• Task details: Report how many lines in the data below hold the string "thesis". Nothing else should appear in the answer.

[Records from a data source]
lemma maker_wins_insert:
  assumes "maker_wins V W M B t" and "M \<union> B \<subseteq> V" and "v \<in> V - B" and "up_closed_in V W"
  shows "maker_wins V W (insert v M) B t"
  using assms(1-3)
proof (induction arbitrary: v rule: maker_wins.induct)
  case (finish M B t)
  then have "insert v M = M" by blast
  then show ?case using finish.hyps by (simp add: maker_wins.finish)
next
  case (maker_move u M B)
  show ?case
  proof (cases "u = v")
    case True
    show ?thesis
    proof (cases "insert v M \<union> B = V")
      case full: True
      then show ?thesis
        using maker_move.hyps(2) \<open>u = v\<close> by (simp add: maker_wins_full_iff)
    next
      case False
      then obtain w where w: "w \<in> V - (insert v M \<union> B)"
        using maker_move.prems by auto
      then have "maker_wins V W (insert w (insert v M)) B False"
        using maker_move.IH[of w] maker_move.prems \<open>u = v\<close> by blast
      then show ?thesis using w by (intro maker_wins.maker_move[of w]) auto
    qed
  next
    case False
    have "maker_wins V W (insert v (insert u M)) B False"
      using maker_move.IH[of v] maker_move.hyps(1) maker_move.prems by blast
    then have "maker_wins V W (insert u (insert v M)) B False"
      by (simp add: insert_commute)
    then show ?thesis using maker_move.hyps(1) False by (intro maker_wins.maker_move[of u]) auto
  qed
next
  case (breaker_move M B)
  have win: "maker_wins V W M (insert w B) True" if "w \<in> V - (M \<union> B)" for w
    using breaker_move.IH that by blast
  have IH: "maker_wins V W (insert v' M) (insert w B) True"
    if "w \<in> V - (M \<union> B)" "v' \<in> V - insert w B" for w v'
    using breaker_move.IH breaker_move.prems(1) that by blast
  show ?case
  proof (cases "v \<in> M")
    case True
    then have "insert v M = M" by blast
    then show ?thesis using breaker_move.hyps(1) win by (simp add: maker_wins.breaker_move)
  next
    case v_free: False
    show ?thesis
    proof (cases "insert v M \<union> B = V")
      case full: True
      have "maker_wins V W M (insert v B) True"
        using win breaker_move.prems(2) v_free by blast
      then have "W M" using full by (simp add: maker_wins_full_iff)
      then have "W (insert v M)"
        using assms(4) full unfolding up_closed_in_def by blast
      then show ?thesis using full by (simp add: maker_wins_full_iff)
    next
      case False
      show ?thesis
      proof (rule maker_wins.breaker_move[OF False], intro ballI)
        fix w assume "w \<in> V - (insert v M \<union> B)"
        then show "maker_wins V W (insert v M) (insert w B) True"
          using IH breaker_move.prems(2) by blast
      qed
    qed
  qed
qed

lemma maker_wins_first_if_second:
  assumes "maker_wins V W M B False" and "M \<union> B \<subseteq> V" and "up_closed_in V W"
  shows "maker_wins V W M B True"
proof (cases "M \<union> B = V")
  case True
  then show ?thesis using assms(1) by (simp add: maker_wins_full_iff)
next
  case False
  then obtain v where v: "v \<in> V - (M \<union> B)" using assms(2) by auto
  then have "maker_wins V W (insert v M) B False"
    using maker_wins_insert[OF assms(1,2) _ assms(3)] by blast
  then show ?thesis using v by (rule maker_wins.maker_move[rotated])
qed

lemma game_outcome_Maker_if_second_player_wins:
  assumes "up_closed_in V W" and "maker_wins V W {} {} False"
  shows "game_outcome V W = Maker_outcome"
  using maker_wins_first_if_second[OF assms(2) _ assms(1)] assms(2)
  unfolding game_outcome_def by simp

lemma game_outcome_Breaker_if_first_player_loses:
  assumes "up_closed_in V W" and "\<not> maker_wins V W {} {} True"
  shows "game_outcome V W = Breaker_outcome"
  using maker_wins_first_if_second[of V W "{}" "{}"] assms unfolding game_outcome_def Let_def
  by auto

lemma game_outcome_if_first_player_wins:
  "maker_wins V W {} {} True \<Longrightarrow> game_outcome V W \<in> {Maker_outcome, Next_outcome}"
  unfolding game_outcome_def by (simp add: Let_def)

lemma maker_wins_small_winning_set:
  assumes "maker_wins V W M B t" and "finite V" and "M \<union> B \<subseteq> V"
  shows "\<exists>M'. W M' \<and> M \<subseteq> M' \<and> M' \<subseteq> V \<and>
           card M' \<le> card M + (card (V - (M \<union> B)) + of_bool t) div 2"
  using assms(1,3)
proof (induction rule: maker_wins.induct)
  case (finish M B t)
  then show ?case by auto
next
  case (maker_move v M B)
  define f where "f = card (V - (M \<union> B))"
  have f: "card (V - (insert v M \<union> B)) = f - 1" "f > 0"
    using maker_move.hyps(1) assms(2) unfolding f_def by (auto simp: card_gt_0_iff)
  have "finite M" using maker_move.prems assms(2) finite_subset by blast
  then have "card (insert v M) = Suc (card M)" using maker_move.hyps(1) by simp
  moreover obtain M' where M': "W M'" "insert v M \<subseteq> M'" "M' \<subseteq> V"
    "card M' \<le> card (insert v M) + (f - 1) div 2"
    using maker_move.IH maker_move.prems maker_move.hyps(1) f(1) by auto
  moreover have "(f + 1) div 2 = Suc ((f - 1) div 2)" using f(2) by (cases f) auto
  ultimately show ?case unfolding f_def by (intro exI[of _ M']) auto
next
  case (breaker_move M B)
  define f where "f = card (V - (M \<union> B))"
  obtain v where v: "v \<in> V - (M \<union> B)"
    using breaker_move.hyps(1) breaker_move.prems by blast
  then have f: "card (V - (M \<union> insert v B)) = f - 1" "f > 0"
    using assms(2) unfolding f_def by (auto simp: card_gt_0_iff)
  have "M \<union> insert v B \<subseteq> V" using v breaker_move.prems by blast
  then have "\<exists>M'. W M' \<and> M \<subseteq> M' \<and> M' \<subseteq> V \<and>
      card M' \<le> card M + (card (V - (M \<union> insert v B)) + of_bool True) div 2"
    using breaker_move.IH v by blast
  then obtain M' where M': "W M'" "M \<subseteq> M'" "M' \<subseteq> V"
    "card M' \<le> card M + (f - 1 + 1) div 2"
    using f(1) by auto
  then show ?case using f(2) unfolding f_def by (intro exI[of _ M']) auto
qed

• Output of the task: 10